The highlight of this session was the publication of the American CPI: unsurprisingly, the rise in oil and its derivatives fueled the increase in prices for consumption in the United States. They rose slightly more than expected last month, reaching an annual rate of 3.8%, while economists were expecting 3.7% after the observed rate of 3.3% in March.

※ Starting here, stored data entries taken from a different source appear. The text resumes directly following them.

(* For any $s\in\mathcal S=\{s\in\mathbb R^b:1\ge s_1\ge\cdots\ge s_b\ge0\}$, the matrix $J(s)$ is invertible.
   Context: Let $b\ge1$ be an integer and $\lambda=1-\gamma/N^{\alpha}$ with $N\ge1$, $\gamma\in(0,1]$, $\alpha>0$ (so $0\le\lambda<1$). $J(s)$ is the $b\times b$ tridiagonal matrix (the Jacobian of the mean-field vector field $f_k(s)=\lambda(s_{k-1}^2-s_k^2)-(s_k-s_{k+1})$, $s_0=1$, $s_{b+1}=0$) with diagonal entries $J_{kk}=-2\lambda s_k-1$ ($k=1,\dots,b$), superdiagonal entries $J_{k,k+1}=1$ and subdiagonal entries $J_{k+1,k}=2\lambda s_k$ ($k=1,\dots,b-1$). *)

theory Defs
  imports "Jordan_Normal_Form.Matrix" "Jordan_Normal_Form.Determinant"
begin

text \<open>The vector s is given as a function
  nat => real with s k the k-th component (1-based, k = 1..b). Matrix rows/columns
  are 0-based, so row i corresponds to index k = i+1.
  Diagonal J_kk = -2 lam s_k - 1, superdiagonal J_{k,k+1} = 1, subdiagonal
  J_{k+1,k} = 2 lam s_k.\<close>
definition Jmat :: "nat \<Rightarrow> real \<Rightarrow> (nat \<Rightarrow> real) \<Rightarrow> real mat" where
  "Jmat b lam s = mat b b (\<lambda>(i, j).
     if j = i then - 2 * lam * s (i + 1) - 1
     else if j = i + 1 then 1
     else if i = j + 1 then 2 * lam * s (j + 1)
     else 0)"

end

theory Submission
  imports Defs
begin

text \<open>Write \<open>a(k) = 2 \<lambda> s(k) \<ge> 0\<close> and let \<open>v\<close> be a kernel vector of \<open>J(s)\<close>, padded by
  \<open>v(b) = 0\<close>. Row \<open>i\<close> of \<open>J(s) v = 0\<close> says \<open>v(i+1) - a(i+1) v(i) = v(i) - a(i) v(i-1)\<close>, so
  \<open>v(k+1) = c + a(k+1) v(k)\<close> with the constant \<open>c = v(0)\<close>. As all \<open>a(k) \<ge> 0\<close>, induction gives
  \<open>c v(k) \<ge> c\<^sup>2\<close>; at \<open>k = b\<close> this forces \<open>c = 0\<close>, and then \<open>v = 0\<close>.\<close>

lemma det_nonzero_imp_invertible_mat:
  assumes A: "(A :: 'a :: field mat) \<in> carrier_mat n n" and det: "det A \<noteq> 0"
  shows "invertible_mat A"
proof -
  have "A \<in> Units (ring_mat TYPE('a) n ())" by (rule det_non_zero_imp_unit[OF A det])
  then obtain B where "B \<in> carrier_mat n n" "B * A = 1\<^sub>m n" "A * B = 1\<^sub>m n"
    unfolding Units_def ring_mat_def by auto
  then show ?thesis
    using A unfolding invertible_mat_def inverts_mat_def by auto
qed

lemma affine_recurrence_sign:
  fixes a w :: "nat \<Rightarrow> real"
  assumes rec: "\<And>k. k < n \<Longrightarrow> w (Suc k) = w 0 + a (Suc k) * w k"
    and a_nonneg: "\<And>k. 0 < k \<Longrightarrow> k \<le> n \<Longrightarrow> 0 \<le> a k"
    and "k \<le> n"
  shows "(w 0)\<^sup>2 \<le> w 0 * w k"
  using \<open>k \<le> n\<close>
proof (induction k)
  case 0
  then show ?case by (simp add: power2_eq_square)
next
  case (Suc k)
  have "w 0 * w (Suc k) = (w 0)\<^sup>2 + a (Suc k) * (w 0 * w k)"
    using rec[of k] Suc.prems by (simp add: algebra_simps power2_eq_square)
  moreover have "0 \<le> a (Suc k) * (w 0 * w k)"
    using Suc a_nonneg[of "Suc k"] by (simp add: order_trans[OF zero_le_power2])
  ultimately show ?case by simp
qed

lemma affine_recurrence_vanishing:
  fixes a w :: "nat \<Rightarrow> real"
  assumes rec: "\<And>k. k < n \<Longrightarrow> w (Suc k) = w 0 + a (Suc k) * w k"
    and a_nonneg: "\<And>k. 0 < k \<Longrightarrow> k \<le> n \<Longrightarrow> 0 \<le> a k"
    and end_zero: "w n = 0"
    and "k \<le> n"
  shows "w k = 0"
proof -
  have "(w 0)\<^sup>2 \<le> w 0 * w n"
    using affine_recurrence_sign[of n w a n] rec a_nonneg by blast
  then have "(w 0)\<^sup>2 \<le> 0"
    using end_zero by simp
  then have start_zero: "w 0 = 0" by simp
  show ?thesis
    using \<open>k \<le> n\<close> by (induction k) (simp_all add: start_zero rec)
qed

lemma Jmat_carrier: "Jmat b lam s \<in> carrier_mat b b"
  unfolding Jmat_def by simp

lemma Jmat_mult_vec_index:
  fixes v :: "real vec"
  assumes v: "v \<in> carrier_vec b" and i: "i < b"
  shows "(Jmat b lam s *\<^sub>v v) $ i =
     (if 0 < i then 2 * lam * s i * v $ (i - 1) else 0)
     - (2 * lam * s (i + 1) + 1) * v $ i
     + (if i + 1 < b then v $ (i + 1) else 0)"
proof -
  let ?sub = "\<lambda>j. if i = j + 1 then 2 * lam * s (j + 1) * v $ j else 0"
  have "(Jmat b lam s *\<^sub>v v) $ i = (\<Sum>j<b. Jmat b lam s $$ (i, j) * v $ j)"
    using v i unfolding Jmat_def by (auto simp: mult_mat_vec_def scalar_prod_def lessThan_atLeast0)
  also have "\<dots> = (\<Sum>j<b. (if j = i then (- 2 * lam * s (i + 1) - 1) * v $ j else 0)
       + (if j = i + 1 then v $ j else 0) + ?sub j)"
    by (rule sum.cong) (use i in \<open>auto simp: Jmat_def\<close>)
  also have "(\<Sum>j<b. ?sub j) = (if 0 < i then 2 * lam * s i * v $ (i - 1) else 0)"
  proof (cases "0 < i")
    case True
    then have "(\<Sum>j<b. ?sub j) = (\<Sum>j<b. if j = i - 1 then 2 * lam * s (j + 1) * v $ j else 0)"
      by (intro sum.cong) auto
    with True i show ?thesis by simp
  qed simp
  then have "(\<Sum>j<b. (if j = i then (- 2 * lam * s (i + 1) - 1) * v $ j else 0)
       + (if j = i + 1 then v $ j else 0) + ?sub j) =
     (if 0 < i then 2 * lam * s i * v $ (i - 1) else 0)
     - (2 * lam * s (i + 1) + 1) * v $ i
     + (if i + 1 < b then v $ (i + 1) else 0)"
    using i by (simp only: sum.distrib) (simp add: algebra_simps)
  finally show ?thesis .
qed

lemma Jmat_kernel_trivial:
  assumes nonneg: "\<And>k. 0 < k \<Longrightarrow> k \<le> b \<Longrightarrow> 0 \<le> lam * s k"
    and v: "v \<in> carrier_vec b" and kernel: "Jmat b lam s *\<^sub>v v = 0\<^sub>v b"
  shows "v = 0\<^sub>v b"
proof -
  define w where "w j = (if j < b then v $ j else 0)" for j
  define a where "a k = 2 * lam * s k" for k
  have row: "(if 0 < i then a i * w (i - 1) else 0) - (a (Suc i) + 1) * w i + w (Suc i) = 0"
    if "i < b" for i
    using Jmat_mult_vec_index[OF v that, of lam s] kernel that by (auto simp: w_def a_def)
  have rec: "w (Suc k) = w 0 + a (Suc k) * w k" if "k < b" for k
    using that
  proof (induction k)
    case 0
    then show ?case using row[of 0] by (simp add: algebra_simps)
  next
    case (Suc k)
    then show ?case using row[of "Suc k"] by (simp add: algebra_simps)
  qed
  have a_nonneg: "0 \<le> a k" if "0 < k" "k \<le> b" for k
    using nonneg[OF that] by (simp add: a_def)
  have "w k = 0" if "k < b" for k
    using affine_recurrence_vanishing[of b w a k] rec a_nonneg that by (simp add: w_def)
  then show ?thesis
    using v by (intro eq_vecI) (auto simp: w_def)
qed

lemma Jmat_invertible:
  assumes "\<And>k. 0 < k \<Longrightarrow> k \<le> b \<Longrightarrow> 0 \<le> lam * s k"
  shows "invertible_mat (Jmat b lam s)"
proof (rule det_nonzero_imp_invertible_mat[OF Jmat_carrier])
  show "det (Jmat b lam s) \<noteq> 0"
  proof
    assume "det (Jmat b lam s) = 0"
    then obtain v where v: "v \<in> carrier_vec b" "Jmat b lam s *\<^sub>v v = 0\<^sub>v b" and "v \<noteq> 0\<^sub>v b"
      using det_0_iff_vec_prod_zero_field[OF Jmat_carrier] by blast
    moreover have "v = 0\<^sub>v b"
      using assms v by (rule Jmat_kernel_trivial)
    ultimately show False by simp
  qed
qed

text \<open>Only \<open>\<lambda> \<ge> 0\<close> and \<open>s(k) \<ge> 0\<close> are used.\<close>

theorem lemma4:
  fixes b N :: nat and \<gamma> \<alpha> :: real and s :: "nat \<Rightarrow> real"
  assumes "b \<ge> 1" and "N \<ge> 1" and "0 < \<gamma>" and "\<gamma> \<le> 1" and "\<alpha> > 0"
    and "s 1 \<le> 1"
    and "\<And>k. 1 \<le> k \<Longrightarrow> k < b \<Longrightarrow> s (k + 1) \<le> s k"
    and "s b \<ge> 0"
  shows "invertible_mat (Jmat b (1 - \<gamma> / real N powr \<alpha>) s)"
proof (rule Jmat_invertible)
  fix k :: nat
  assume k: "0 < k" "k \<le> b"
  have "1 \<le> real N powr \<alpha>"
    using assms(2,5) by (simp add: ge_one_powr_ge_zero)
  then have lam_nonneg: "0 \<le> 1 - \<gamma> / real N powr \<alpha>"
    using assms(4) by (auto simp: divide_le_eq_1)
  have "s b \<le> s k"
    using \<open>k \<le> b\<close> by (induction rule: inc_induct) (use k assms(7) in \<open>auto intro: order_trans\<close>)
  with assms(8) lam_nonneg show "0 \<le> (1 - \<gamma> / real N powr \<alpha>) * s k"
    by simp
qed

end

It would have been much worse if the US and EU had not tapped into their stocks at a rate not seen since 1973.
“The total inflation is at its highest level since May 2023,” points out Bastien Drut, head of strategy and analysis at CPRAM, explaining that about two-thirds of the inflation increase for the month comes from the “energy” component.
It has been over five years now that inflation has been above the Fed’s target (cumulatively 29%, compared to a 26% increase in wages on average in the US): there will certainly be a majority of voices within the FOMC – chaired by Kevin Warsh – calling for the abandonment of the “accommodative bias” and possibly a rate hike (31% consensus for at least one hike by the end of 2026).
Underlying Inflation (“core”) is at its highest since September:
In underlying data (excluding energy and food products), the annual inflation rate stood at 2.8%, reaching its highest level since last September, up from 2.6% in March, while the consensus was 2.7%.
In sequential terms, the increase in consumer prices was 0.6% in total data and 0.4% in underlying data in April, with the latter figure slightly surprising, according to Josh Jamner of ClearBridge Investments.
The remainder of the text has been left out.